AVAILABLE DATA: Begin

lemma square_preserving_of_inc_e_idempotent:
  fixes \<phi> :: "('a::{order,finite} \<Rightarrow> 'a \<Rightarrow> 'f::field) \<Rightarrow> ('a \<Rightarrow> 'a \<Rightarrow> 'f)"
  assumes char2: "CHAR('f) = 2" and lie: "lie_automorphism \<phi>"
    and idem: "\<And>x. \<phi> (inc_e x) \<in> inc_idempotents" and f: "f \<in> incidence_algebra"
  shows "\<phi> (inc_mult f f) = inc_mult (\<phi> f) (\<phi> f)"
proof -
  have units: "square_defect \<phi> (inc_scale c (inc_unit u v)) = 0" if "u \<le> v" for c u v
  proof -
    have "square_defect \<phi> (inc_scale c (inc_unit u v)) = inc_scale (c * c) (square_defect \<phi> (inc_unit u v))"
      using that by (intro square_defect_scale[OF lie] incidence_algebra_inc_unit)
    then show ?thesis
      by (simp only: square_defect_inc_unit_eq_0[OF char2 lie idem that] inc_scale_zero)
  qed
  have "square_defect \<phi> f = 0"
    by (rule additive_map_vanishing_on_units[where \<psi> = "square_defect \<phi>",
          OF square_defect_add[OF lie] units f])
  then show ?thesis
    by (simp add: square_defect_eq_0_iff)
qed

AVAILABLE DATA: End

**TASK TO CARRY OUT**
Return the records above in their entirety, exactly as they appear.

**TASK OUTPUT**
lemma square_preserving_of_inc_e_idempotent:
  fixes \<phi> :: "('a::{order,finite} \<Rightarrow> 'a \<Rightarrow> 'f::field) \<Rightarrow> ('a \<Rightarrow> 'a \<Rightarrow> 'f)"
  assumes char2: "CHAR('f) = 2" and lie: "lie_automorphism \<phi>"
    and idem: "\<And>x. \<phi> (inc_e x) \<in> inc_idempotents" and f: "f \<in> incidence_algebra"
  shows "\<phi> (inc_mult f f) = inc_mult (\<phi> f) (\<phi> f)"
proof -
  have units: "square_defect \<phi> (inc_scale c (inc_unit u v)) = 0" if "u \<le> v" for c u v
  proof -
    have "square_defect \<phi> (inc_scale c (inc_unit u v)) = inc_scale (c * c) (square_defect \<phi> (inc_unit u v))"
      using that by (intro square_defect_scale[OF lie] incidence_algebra_inc_unit)
    then show ?thesis
      by (simp only: square_defect_inc_unit_eq_0[OF char2 lie idem that] inc_scale_zero)
  qed
  have "square_defect \<phi> f = 0"
    by (rule additive_map_vanishing_on_units[where \<psi> = "square_defect \<phi>",
          OF square_defect_add[OF lie] units f])
  then show ?thesis
    by (simp add: square_defect_eq_0_iff)
qed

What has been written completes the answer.